PROBLEM TO WORK ON —
Wherever the word "unfolding" appears in a line of the data, that line should be copied.

MATERIAL PROVIDED —
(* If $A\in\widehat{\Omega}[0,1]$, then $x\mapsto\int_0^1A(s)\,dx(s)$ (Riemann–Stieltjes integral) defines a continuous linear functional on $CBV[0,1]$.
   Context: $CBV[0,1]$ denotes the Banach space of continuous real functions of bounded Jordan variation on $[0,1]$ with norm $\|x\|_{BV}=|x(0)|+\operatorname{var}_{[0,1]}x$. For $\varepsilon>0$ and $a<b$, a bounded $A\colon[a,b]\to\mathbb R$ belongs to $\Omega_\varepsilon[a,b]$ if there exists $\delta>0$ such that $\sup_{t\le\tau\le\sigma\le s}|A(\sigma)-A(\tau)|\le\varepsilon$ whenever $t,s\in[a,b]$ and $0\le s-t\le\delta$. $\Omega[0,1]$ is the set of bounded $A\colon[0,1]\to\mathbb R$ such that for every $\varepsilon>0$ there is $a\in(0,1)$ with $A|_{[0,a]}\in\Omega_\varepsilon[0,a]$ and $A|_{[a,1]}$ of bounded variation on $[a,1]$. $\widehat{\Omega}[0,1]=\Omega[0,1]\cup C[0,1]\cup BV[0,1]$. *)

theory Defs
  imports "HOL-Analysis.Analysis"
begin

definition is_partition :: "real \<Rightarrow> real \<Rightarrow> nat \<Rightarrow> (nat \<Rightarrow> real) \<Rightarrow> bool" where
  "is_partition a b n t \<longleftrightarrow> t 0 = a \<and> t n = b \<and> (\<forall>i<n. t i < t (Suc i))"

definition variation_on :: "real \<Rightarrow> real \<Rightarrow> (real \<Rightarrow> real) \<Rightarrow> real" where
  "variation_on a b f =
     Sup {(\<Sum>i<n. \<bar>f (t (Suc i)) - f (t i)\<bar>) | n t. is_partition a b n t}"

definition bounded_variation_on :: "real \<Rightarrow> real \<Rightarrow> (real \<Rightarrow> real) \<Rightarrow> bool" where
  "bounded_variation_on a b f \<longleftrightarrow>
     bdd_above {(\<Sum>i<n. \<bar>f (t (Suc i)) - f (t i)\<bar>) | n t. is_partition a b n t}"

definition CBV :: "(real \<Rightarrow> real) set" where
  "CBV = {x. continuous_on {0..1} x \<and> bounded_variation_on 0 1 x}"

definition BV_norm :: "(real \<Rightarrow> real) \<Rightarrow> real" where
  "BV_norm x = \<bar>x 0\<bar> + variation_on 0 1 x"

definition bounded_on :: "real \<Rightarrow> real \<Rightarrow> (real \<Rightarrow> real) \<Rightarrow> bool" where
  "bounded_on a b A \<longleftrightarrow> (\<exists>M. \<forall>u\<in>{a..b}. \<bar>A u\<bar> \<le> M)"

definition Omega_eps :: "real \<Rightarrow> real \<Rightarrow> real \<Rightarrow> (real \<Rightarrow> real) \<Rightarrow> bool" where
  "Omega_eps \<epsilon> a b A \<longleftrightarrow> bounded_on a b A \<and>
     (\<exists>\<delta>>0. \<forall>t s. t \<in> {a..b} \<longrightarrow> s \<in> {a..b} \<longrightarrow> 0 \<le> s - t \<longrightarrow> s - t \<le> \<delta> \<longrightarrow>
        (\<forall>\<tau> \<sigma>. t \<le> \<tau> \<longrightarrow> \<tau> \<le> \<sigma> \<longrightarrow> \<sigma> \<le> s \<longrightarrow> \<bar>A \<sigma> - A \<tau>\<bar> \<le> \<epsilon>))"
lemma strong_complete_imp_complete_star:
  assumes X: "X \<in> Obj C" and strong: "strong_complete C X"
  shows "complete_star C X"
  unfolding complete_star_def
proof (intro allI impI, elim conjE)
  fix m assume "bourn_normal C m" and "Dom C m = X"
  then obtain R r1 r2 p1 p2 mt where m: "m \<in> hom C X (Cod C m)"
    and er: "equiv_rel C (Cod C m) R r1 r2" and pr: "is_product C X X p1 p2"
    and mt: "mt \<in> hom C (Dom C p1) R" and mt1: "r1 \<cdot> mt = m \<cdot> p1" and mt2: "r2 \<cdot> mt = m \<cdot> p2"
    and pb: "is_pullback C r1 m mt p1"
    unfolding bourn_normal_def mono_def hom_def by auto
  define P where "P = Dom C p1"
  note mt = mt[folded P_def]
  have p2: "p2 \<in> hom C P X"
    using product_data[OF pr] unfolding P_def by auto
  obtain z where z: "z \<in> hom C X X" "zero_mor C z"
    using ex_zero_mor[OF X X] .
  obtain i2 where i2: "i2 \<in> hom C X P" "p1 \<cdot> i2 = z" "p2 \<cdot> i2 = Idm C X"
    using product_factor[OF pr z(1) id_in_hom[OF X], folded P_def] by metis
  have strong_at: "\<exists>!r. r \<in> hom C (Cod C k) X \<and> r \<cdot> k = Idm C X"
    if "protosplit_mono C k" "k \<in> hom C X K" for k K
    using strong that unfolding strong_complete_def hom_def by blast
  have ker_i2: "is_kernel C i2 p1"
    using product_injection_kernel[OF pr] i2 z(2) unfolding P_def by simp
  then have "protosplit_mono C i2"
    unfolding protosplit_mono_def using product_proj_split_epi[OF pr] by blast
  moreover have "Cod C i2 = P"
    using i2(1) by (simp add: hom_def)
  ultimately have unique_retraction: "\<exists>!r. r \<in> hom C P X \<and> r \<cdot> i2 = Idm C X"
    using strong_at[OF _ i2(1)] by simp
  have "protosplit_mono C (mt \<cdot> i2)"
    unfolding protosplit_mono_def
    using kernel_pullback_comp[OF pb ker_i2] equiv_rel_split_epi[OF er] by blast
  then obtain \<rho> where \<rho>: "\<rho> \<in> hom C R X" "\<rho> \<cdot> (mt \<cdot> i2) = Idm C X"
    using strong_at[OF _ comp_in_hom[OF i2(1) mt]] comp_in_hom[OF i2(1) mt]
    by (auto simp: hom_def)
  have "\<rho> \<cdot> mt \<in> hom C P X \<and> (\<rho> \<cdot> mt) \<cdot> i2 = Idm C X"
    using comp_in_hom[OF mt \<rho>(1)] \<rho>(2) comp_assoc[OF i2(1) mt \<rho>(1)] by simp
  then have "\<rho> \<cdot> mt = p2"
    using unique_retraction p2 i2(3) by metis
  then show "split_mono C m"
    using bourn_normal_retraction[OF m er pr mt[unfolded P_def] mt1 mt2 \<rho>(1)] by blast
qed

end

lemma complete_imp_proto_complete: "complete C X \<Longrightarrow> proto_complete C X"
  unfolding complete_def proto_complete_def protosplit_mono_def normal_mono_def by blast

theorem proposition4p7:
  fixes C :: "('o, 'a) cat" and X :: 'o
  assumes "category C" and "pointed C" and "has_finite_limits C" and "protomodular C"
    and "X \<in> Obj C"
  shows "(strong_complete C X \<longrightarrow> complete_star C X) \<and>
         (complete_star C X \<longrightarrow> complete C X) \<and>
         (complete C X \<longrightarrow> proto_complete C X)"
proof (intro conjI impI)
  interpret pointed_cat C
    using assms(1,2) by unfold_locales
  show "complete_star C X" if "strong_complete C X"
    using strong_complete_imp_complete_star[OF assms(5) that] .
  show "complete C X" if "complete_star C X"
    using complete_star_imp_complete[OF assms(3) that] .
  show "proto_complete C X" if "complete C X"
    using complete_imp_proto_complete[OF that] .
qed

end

ANSWER TO THIS EXERCISE —
  unfolding complete_star_def
    unfolding bourn_normal_def mono_def hom_def by auto
    using product_data[OF pr] unfolding P_def by auto
    using strong that unfolding strong_complete_def hom_def by blast
    using product_injection_kernel[OF pr] i2 z(2) unfolding P_def by simp
    unfolding protosplit_mono_def using product_proj_split_epi[OF pr] by blast
    unfolding protosplit_mono_def
  unfolding complete_def proto_complete_def protosplit_mono_def normal_mono_def by blast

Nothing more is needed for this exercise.